In this guide
Uncertainty is beginning to feel like the new normal for investment markets. No sooner did the global economy put the worst of the Covid pandemic behind it than the Russian war on Ukraine created a new set of worries.
Inflation, rising interest rates, talk of recession ... to say the outlook for investors is challenging is an understatement. Especially so for anyone trying to put the finishing touches to their retirement plan or living off the income from their investments.
The lessons of history
No one can predict when markets will turn, although history teaches us that markets are cyclical and periodic downturns should be expected. When this happens, the impact can be magnified for super fund members moving into retirement phase.
“For members shifting their super savings to a pension product, a number of down months in relatively quick succession will mean they draw down on a smaller pool of savings than they might have anticipated,” says SuperRatings executive director Kirby Rappell.

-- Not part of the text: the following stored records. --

(* Let $\Gamma$ be a finite simple graph with a linear order on $V(\Gamma)$, and let $g_1,g_2\in G(\Gamma)$ be such that $g_1g_2$ is geodesic, i.e. $|g_1g_2|=|g_1|+|g_2|$. (i) If $g_2$ is SD-conical, then $\sigma(g_1g_2)\equiv\sigma(g_1)\sigma(g_2)$. (ii) If $g_1$ is SD-conical and strongly non-split, then $g_1g_2$ is also SD-conical and strongly non-split.
   Context: $G(\Gamma)=\langle v\in V(\Gamma)\mid [v_i,v_j]=1 \text{ if } \{v_i,v_j\}\notin E(\Gamma)\rangle$. $|g|$ is word length; a reduced word is a shortest representative; $\mathrm{supp}(g)$ is the set of generators $v$ with $v^{\pm1}$ appearing in a reduced word for $g$; $w_1\equiv w_2$ means equality of words letter by letter. $g_1,g_2$ disjointly commute if their supports are disjoint and each $v_1\in\mathrm{supp}(g_1)$ commutes with each $v_2\in\mathrm{supp}(g_2)$ (i.e. $\{v_1,v_2\}\notin E(\Gamma)$). $g$ is non-split if $\mathrm{supp}(g)$ spans a connected subgraph; strongly non-split if non-split and no generator disjointly commutes with $g$. $S(g)$ is the set of $v\in V(\Gamma)$ such that some reduced word for $g$ begins with $v$ or $v^{-1}$. $g$ is conical if $S(g)$ is a single generator $v_0$, called its apex. A conical $g$ is SD-conical if its apex $v_0$ does not commute with any generator smaller than $v_0$, i.e. $v<v_0$ implies $\{v,v_0\}\in E(\Gamma)$. CGW-normal form: a reduced word $w\equiv v_{i_1}^{\epsilon_1}\cdots v_{i_k}^{\epsilon_k}$ representing $g$ is initially normal if it is empty or $v_{i_1}$ is the largest element of $S(g)$; it is normal if all its suffixes are initially normal. Every $g$ has a unique normal representative word, denoted $\sigma(g)$. *)

theory Defs
  imports Main
begin

(* Letters: (v, True) = v, (v, False) = v^{-1}.
   G(Gamma) = < V | [v_i,v_j] = 1 if {v_i,v_j} not an edge >.
   Group elements are represented by words over V; two words represent the same
   element iff they are related by raag_eqv. *)

type_synonym 'a letter = "'a \<times> bool"

definition inv_letter :: "'a letter \<Rightarrow> 'a letter" where
  "inv_letter x = (fst x, \<not> snd x)"

definition word_over :: "'a set \<Rightarrow> 'a letter list \<Rightarrow> bool" where
  "word_over V w \<longleftrightarrow> fst ` set w \<subseteq> V"

definition raag_step :: "'a set \<Rightarrow> ('a \<Rightarrow> 'a \<Rightarrow> bool) \<Rightarrow> 'a letter list \<Rightarrow> 'a letter list \<Rightarrow> bool" where
  "raag_step V E u w \<longleftrightarrow>
     (\<exists>p q x. fst x \<in> V \<and> u = p @ [x, inv_letter x] @ q \<and> w = p @ q) \<or>
     (\<exists>p q a b. fst a \<noteq> fst b \<and> \<not> E (fst a) (fst b) \<and>
                u = p @ [a, b] @ q \<and> w = p @ [b, a] @ q)"

definition raag_eqv :: "'a set \<Rightarrow> ('a \<Rightarrow> 'a \<Rightarrow> bool) \<Rightarrow> 'a letter list \<Rightarrow> 'a letter list \<Rightarrow> bool" where
  "raag_eqv V E = (\<lambda>u w. raag_step V E u w \<or> raag_step V E w u)\<^sup>*\<^sup>*"

definition wlen :: "'a set \<Rightarrow> ('a \<Rightarrow> 'a \<Rightarrow> bool) \<Rightarrow> 'a letter list \<Rightarrow> nat" where
  "wlen V E w = (LEAST n. \<exists>u. word_over V u \<and> raag_eqv V E w u \<and> length u = n)"

definition reduced :: "'a set \<Rightarrow> ('a \<Rightarrow> 'a \<Rightarrow> bool) \<Rightarrow> 'a letter list \<Rightarrow> bool" where
  "reduced V E w \<longleftrightarrow> word_over V w \<and> length w = wlen V E w"

definition supp :: "'a set \<Rightarrow> ('a \<Rightarrow> 'a \<Rightarrow> bool) \<Rightarrow> 'a letter list \<Rightarrow> 'a set" where
  "supp V E w = {v. \<exists>u. raag_eqv V E w u \<and> reduced V E u \<and> v \<in> fst ` set u}"

definition disj_commute :: "'a set \<Rightarrow> ('a \<Rightarrow> 'a \<Rightarrow> bool) \<Rightarrow> 'a letter list \<Rightarrow> 'a letter list \<Rightarrow> bool" where
  "disj_commute V E w1 w2 \<longleftrightarrow>
     supp V E w1 \<inter> supp V E w2 = {} \<and>
     (\<forall>v1 \<in> supp V E w1. \<forall>v2 \<in> supp V E w2. \<not> E v1 v2)"

definition connected_in :: "('a \<Rightarrow> 'a \<Rightarrow> bool) \<Rightarrow> 'a set \<Rightarrow> bool" where
  "connected_in E A \<longleftrightarrow> A \<noteq> {} \<and>
     (\<forall>x \<in> A. \<forall>y \<in> A. (\<lambda>a b. a \<in> A \<and> b \<in> A \<and> E a b)\<^sup>*\<^sup>* x y)"

definition non_split :: "'a set \<Rightarrow> ('a \<Rightarrow> 'a \<Rightarrow> bool) \<Rightarrow> 'a letter list \<Rightarrow> bool" where
  "non_split V E w \<longleftrightarrow> connected_in E (supp V E w)"

definition strongly_non_split :: "'a set \<Rightarrow> ('a \<Rightarrow> 'a \<Rightarrow> bool) \<Rightarrow> 'a letter list \<Rightarrow> bool" where
  "strongly_non_split V E w \<longleftrightarrow> non_split V E w \<and>
     (\<forall>v \<in> V. \<not> disj_commute V E [(v, True)] w)"

definition start_set :: "'a set \<Rightarrow> ('a \<Rightarrow> 'a \<Rightarrow> bool) \<Rightarrow> 'a letter list \<Rightarrow> 'a set" where
  "start_set V E w = {v. \<exists>u. raag_eqv V E w u \<and> reduced V E u \<and> u \<noteq> [] \<and> fst (hd u) = v}"

definition conical_apex :: "'a set \<Rightarrow> ('a \<Rightarrow> 'a \<Rightarrow> bool) \<Rightarrow> 'a letter list \<Rightarrow> 'a \<Rightarrow> bool" where
  "conical_apex V E w v0 \<longleftrightarrow> start_set V E w = {v0}"

definition conical :: "'a set \<Rightarrow> ('a \<Rightarrow> 'a \<Rightarrow> bool) \<Rightarrow> 'a letter list \<Rightarrow> bool" where
  "conical V E w \<longleftrightarrow> (\<exists>v0. conical_apex V E w v0)"

definition sd_conical :: "'a set \<Rightarrow> ('a \<Rightarrow> 'a \<Rightarrow> bool) \<Rightarrow> ('a::linorder) letter list \<Rightarrow> bool" where
  "sd_conical V E w \<longleftrightarrow>
     (\<exists>v0. conical_apex V E w v0 \<and> (\<forall>v \<in> V. v < v0 \<longrightarrow> E v v0))"

definition initially_normal :: "'a set \<Rightarrow> ('a \<Rightarrow> 'a \<Rightarrow> bool) \<Rightarrow> ('a::linorder) letter list \<Rightarrow> bool" where
  "initially_normal V E w \<longleftrightarrow> reduced V E w \<and>
     (w = [] \<or> fst (hd w) = Max (start_set V E w))"

definition normal_word :: "'a set \<Rightarrow> ('a \<Rightarrow> 'a \<Rightarrow> bool) \<Rightarrow> ('a::linorder) letter list \<Rightarrow> bool" where
  "normal_word V E w \<longleftrightarrow> (\<forall>k. initially_normal V E (drop k w))"

definition sigma :: "'a set \<Rightarrow> ('a \<Rightarrow> 'a \<Rightarrow> bool) \<Rightarrow> ('a::linorder) letter list \<Rightarrow> 'a letter list" where
  "sigma V E w = (THE u. raag_eqv V E w u \<and> normal_word V E u)"

end

(* Reduced words are handled through the reduction map: multiplying a word on the right by a
   letter x either appends x or deletes the last letter x^-1 that x can be shuffled next to.
   This map respects the defining relations up to shuffles, so a word is reduced iff it contains
   no subword x m x^-1 with m commuting with x, and two reduced words represent the same element
   iff they are shuffles of each other.  Hence supp(g) and S(g) can be read off any reduced word,
   and the CGW normal form is unique and obtained by repeatedly pulling the largest possible
   first letter to the front.

   If |g1 g2| = |g1| + |g2|, then sigma(g1) sigma(g2) is reduced.  (i) A generator can start
   s sigma(g2), for a suffix s of sigma(g1), only if it starts s or it is the apex v0 of g2 and
   commutes with all of s; in the latter case the first letter of s commutes with v0, so by
   SD-conicality it is larger than v0, and every suffix stays initially normal.
   (ii) Strong non-splitness of g1 says that supp(g1) dominates the graph.  Then no letter of
   sigma(g2) can move in front of sigma(g1), so S(g1 g2) = S(g1), and supp(g1 g2), which is
   supp(g1) together with vertices adjacent to it, is connected and still dominating. *)

theory Submission
  imports Defs
begin

section \<open>Shuffles and the defining relations\<close>

lemma inv_letter_inv [simp]: "inv_letter (inv_letter x) = x"
  by (simp add: inv_letter_def)

lemma fst_inv_letter [simp]: "fst (inv_letter x) = fst x"
  by (simp add: inv_letter_def)

lemma inv_letter_eq_iff [simp]: "inv_letter x = inv_letter y \<longleftrightarrow> x = y"
  by (metis inv_letter_inv)

lemma word_over_simps [simp]:
  "word_over V []"
  "word_over V (x # u) \<longleftrightarrow> fst x \<in> V \<and> word_over V u"
  "word_over V (u @ w) \<longleftrightarrow> word_over V u \<and> word_over V w"
  by (auto simp: word_over_def)

lemma rtranclp_map:
  assumes "R\<^sup>*\<^sup>* a b" and "\<And>a b. R a b \<Longrightarrow> S (f a) (f b)"
  shows "S\<^sup>*\<^sup>* (f a) (f b)"
  using assms(1) by induction (auto intro: rtranclp.rtrancl_into_rtrancl assms(2))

As the chart from SuperRatings below shows, the market plunge in February/March 2020 dragged down super fund balances. It gives the example of a member with an account balance of $500,000 in the median Balanced investment option at the end of August 2019.
By February 2020, this member’s balance would have grown to around $527,000. Happy days. Then Covid struck, knocking 13% off their savings to a low of around $457,000 in March. At this point, many people panicked and switched to cash or a more conservative investment option.